[What is required]
For each line of the data that includes the word "text", copy the line.

Data for analysis Block Start

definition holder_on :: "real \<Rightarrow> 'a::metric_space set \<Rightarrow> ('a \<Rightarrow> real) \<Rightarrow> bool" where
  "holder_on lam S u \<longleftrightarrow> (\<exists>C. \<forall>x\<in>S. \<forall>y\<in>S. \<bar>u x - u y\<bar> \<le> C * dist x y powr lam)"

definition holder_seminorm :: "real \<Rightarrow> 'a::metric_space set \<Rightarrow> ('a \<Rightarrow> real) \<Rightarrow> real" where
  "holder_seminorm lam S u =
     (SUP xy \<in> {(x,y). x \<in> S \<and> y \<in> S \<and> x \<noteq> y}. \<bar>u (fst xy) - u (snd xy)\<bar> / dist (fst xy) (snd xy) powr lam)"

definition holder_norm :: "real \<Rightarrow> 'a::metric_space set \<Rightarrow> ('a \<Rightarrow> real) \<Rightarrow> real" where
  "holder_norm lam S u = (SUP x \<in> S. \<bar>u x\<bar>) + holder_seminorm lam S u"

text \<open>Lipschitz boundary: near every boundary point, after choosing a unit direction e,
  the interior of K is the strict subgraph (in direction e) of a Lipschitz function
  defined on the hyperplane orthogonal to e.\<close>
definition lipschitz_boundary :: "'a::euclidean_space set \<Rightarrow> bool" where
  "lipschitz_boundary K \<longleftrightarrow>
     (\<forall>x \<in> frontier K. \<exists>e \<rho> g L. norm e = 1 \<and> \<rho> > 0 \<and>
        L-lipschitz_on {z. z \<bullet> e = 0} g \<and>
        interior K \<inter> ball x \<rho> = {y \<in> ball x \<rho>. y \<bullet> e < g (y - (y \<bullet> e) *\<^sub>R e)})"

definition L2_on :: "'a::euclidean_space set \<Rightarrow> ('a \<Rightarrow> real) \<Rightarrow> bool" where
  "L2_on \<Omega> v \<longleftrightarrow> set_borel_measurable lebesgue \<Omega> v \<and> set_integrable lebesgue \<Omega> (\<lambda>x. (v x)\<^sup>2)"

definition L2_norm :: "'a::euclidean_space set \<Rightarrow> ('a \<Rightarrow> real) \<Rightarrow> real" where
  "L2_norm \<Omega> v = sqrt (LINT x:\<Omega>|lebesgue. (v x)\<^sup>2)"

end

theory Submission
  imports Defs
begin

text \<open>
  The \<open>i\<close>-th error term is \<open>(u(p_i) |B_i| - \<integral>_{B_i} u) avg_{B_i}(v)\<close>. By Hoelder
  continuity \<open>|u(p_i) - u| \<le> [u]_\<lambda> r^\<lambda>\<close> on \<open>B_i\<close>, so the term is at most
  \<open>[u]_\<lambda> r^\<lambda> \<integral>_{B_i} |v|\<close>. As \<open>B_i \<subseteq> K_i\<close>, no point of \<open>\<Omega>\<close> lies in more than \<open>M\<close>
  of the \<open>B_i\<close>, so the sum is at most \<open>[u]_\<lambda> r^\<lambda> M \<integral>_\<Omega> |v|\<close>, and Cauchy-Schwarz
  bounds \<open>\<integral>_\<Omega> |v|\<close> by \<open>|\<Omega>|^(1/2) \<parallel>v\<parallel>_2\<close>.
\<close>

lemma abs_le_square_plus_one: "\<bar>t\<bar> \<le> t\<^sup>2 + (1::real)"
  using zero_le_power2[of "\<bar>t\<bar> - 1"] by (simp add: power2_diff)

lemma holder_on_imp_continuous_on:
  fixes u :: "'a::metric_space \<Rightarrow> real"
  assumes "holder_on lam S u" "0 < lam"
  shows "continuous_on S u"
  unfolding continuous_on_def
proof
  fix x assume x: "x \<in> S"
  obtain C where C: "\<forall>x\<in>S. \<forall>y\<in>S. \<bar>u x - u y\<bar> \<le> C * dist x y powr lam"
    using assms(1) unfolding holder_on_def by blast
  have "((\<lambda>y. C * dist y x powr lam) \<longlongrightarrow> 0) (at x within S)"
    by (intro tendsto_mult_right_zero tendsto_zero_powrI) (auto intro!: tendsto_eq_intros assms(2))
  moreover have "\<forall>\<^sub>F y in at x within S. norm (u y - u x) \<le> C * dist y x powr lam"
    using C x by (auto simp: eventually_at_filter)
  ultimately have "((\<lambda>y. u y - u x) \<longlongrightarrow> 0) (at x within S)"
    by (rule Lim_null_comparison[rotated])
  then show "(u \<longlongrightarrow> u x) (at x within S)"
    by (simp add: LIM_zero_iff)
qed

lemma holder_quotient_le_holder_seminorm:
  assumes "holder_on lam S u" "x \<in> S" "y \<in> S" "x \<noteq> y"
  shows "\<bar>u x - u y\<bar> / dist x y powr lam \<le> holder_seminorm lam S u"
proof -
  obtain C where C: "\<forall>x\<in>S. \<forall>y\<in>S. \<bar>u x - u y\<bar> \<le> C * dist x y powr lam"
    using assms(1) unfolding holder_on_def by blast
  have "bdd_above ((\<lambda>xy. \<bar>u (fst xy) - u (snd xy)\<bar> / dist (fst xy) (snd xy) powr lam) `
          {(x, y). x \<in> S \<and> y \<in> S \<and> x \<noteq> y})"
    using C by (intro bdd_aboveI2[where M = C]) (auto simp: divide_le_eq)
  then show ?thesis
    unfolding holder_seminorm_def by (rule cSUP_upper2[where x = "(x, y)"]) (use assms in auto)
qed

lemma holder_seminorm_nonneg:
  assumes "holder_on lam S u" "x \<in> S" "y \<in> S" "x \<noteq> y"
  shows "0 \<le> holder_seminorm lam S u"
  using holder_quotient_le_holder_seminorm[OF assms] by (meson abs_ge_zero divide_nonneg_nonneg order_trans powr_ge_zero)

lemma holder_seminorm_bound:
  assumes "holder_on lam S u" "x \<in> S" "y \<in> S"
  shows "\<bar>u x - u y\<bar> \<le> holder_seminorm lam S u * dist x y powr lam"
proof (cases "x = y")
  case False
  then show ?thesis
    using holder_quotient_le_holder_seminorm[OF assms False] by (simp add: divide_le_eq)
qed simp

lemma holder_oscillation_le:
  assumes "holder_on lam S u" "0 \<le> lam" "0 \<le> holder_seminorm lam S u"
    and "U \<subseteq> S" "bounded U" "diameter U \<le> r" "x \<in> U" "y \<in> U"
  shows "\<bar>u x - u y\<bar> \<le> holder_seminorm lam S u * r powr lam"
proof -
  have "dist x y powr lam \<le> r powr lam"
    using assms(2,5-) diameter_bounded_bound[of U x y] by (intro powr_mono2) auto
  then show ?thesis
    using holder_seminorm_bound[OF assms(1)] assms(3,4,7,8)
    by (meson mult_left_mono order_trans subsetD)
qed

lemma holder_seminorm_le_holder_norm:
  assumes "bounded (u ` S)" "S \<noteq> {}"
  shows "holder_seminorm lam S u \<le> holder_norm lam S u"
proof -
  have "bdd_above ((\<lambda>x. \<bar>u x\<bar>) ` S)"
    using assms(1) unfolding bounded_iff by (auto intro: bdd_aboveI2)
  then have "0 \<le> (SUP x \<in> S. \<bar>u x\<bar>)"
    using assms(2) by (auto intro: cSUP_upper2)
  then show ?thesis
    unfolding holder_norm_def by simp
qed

Data for analysis Block End
Data for analysis Block Start

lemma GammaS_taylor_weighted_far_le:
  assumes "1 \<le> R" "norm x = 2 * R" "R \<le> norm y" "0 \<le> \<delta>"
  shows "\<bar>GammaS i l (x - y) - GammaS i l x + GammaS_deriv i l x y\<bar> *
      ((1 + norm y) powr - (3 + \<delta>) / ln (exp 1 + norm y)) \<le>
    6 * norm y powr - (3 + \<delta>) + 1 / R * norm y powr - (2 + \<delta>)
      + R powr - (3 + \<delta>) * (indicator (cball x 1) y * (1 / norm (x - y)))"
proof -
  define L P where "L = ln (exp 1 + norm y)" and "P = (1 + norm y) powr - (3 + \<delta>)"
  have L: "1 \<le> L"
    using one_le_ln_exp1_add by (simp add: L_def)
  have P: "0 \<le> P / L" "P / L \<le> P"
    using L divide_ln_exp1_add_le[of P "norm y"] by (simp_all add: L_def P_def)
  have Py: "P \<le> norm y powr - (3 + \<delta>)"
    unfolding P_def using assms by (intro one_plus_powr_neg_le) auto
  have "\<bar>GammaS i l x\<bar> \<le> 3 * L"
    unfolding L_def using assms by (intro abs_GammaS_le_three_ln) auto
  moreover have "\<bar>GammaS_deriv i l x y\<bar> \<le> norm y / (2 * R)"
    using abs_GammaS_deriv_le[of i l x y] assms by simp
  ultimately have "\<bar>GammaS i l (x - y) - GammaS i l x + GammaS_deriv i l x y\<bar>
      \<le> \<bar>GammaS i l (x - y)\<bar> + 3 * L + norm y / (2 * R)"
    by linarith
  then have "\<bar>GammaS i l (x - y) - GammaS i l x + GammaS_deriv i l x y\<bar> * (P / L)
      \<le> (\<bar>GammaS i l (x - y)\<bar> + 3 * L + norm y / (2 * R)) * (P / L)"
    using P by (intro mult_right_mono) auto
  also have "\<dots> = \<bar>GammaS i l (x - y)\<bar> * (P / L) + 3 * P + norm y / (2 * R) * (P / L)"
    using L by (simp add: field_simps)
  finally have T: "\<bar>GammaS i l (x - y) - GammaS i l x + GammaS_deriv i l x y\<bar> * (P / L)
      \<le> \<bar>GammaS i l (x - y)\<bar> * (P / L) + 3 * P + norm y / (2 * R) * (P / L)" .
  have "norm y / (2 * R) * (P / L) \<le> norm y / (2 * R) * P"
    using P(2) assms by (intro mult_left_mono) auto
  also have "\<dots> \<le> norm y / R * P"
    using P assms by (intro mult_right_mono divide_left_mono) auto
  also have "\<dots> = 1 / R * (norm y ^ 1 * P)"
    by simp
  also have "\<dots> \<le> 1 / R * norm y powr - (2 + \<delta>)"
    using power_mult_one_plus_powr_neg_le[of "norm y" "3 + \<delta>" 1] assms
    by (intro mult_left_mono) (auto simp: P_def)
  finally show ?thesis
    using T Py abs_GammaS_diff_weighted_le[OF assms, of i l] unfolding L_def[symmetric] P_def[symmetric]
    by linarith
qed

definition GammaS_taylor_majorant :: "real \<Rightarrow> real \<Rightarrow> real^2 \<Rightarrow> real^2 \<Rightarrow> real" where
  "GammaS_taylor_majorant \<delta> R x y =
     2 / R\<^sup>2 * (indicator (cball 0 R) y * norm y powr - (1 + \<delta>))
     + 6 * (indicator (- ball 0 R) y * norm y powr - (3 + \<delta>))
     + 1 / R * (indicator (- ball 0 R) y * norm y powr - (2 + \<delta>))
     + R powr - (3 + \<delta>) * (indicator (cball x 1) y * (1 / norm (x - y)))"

Data for analysis Block End

[The completed task]
text \<open>Lipschitz boundary: near every boundary point, after choosing a unit direction e,
text \<open>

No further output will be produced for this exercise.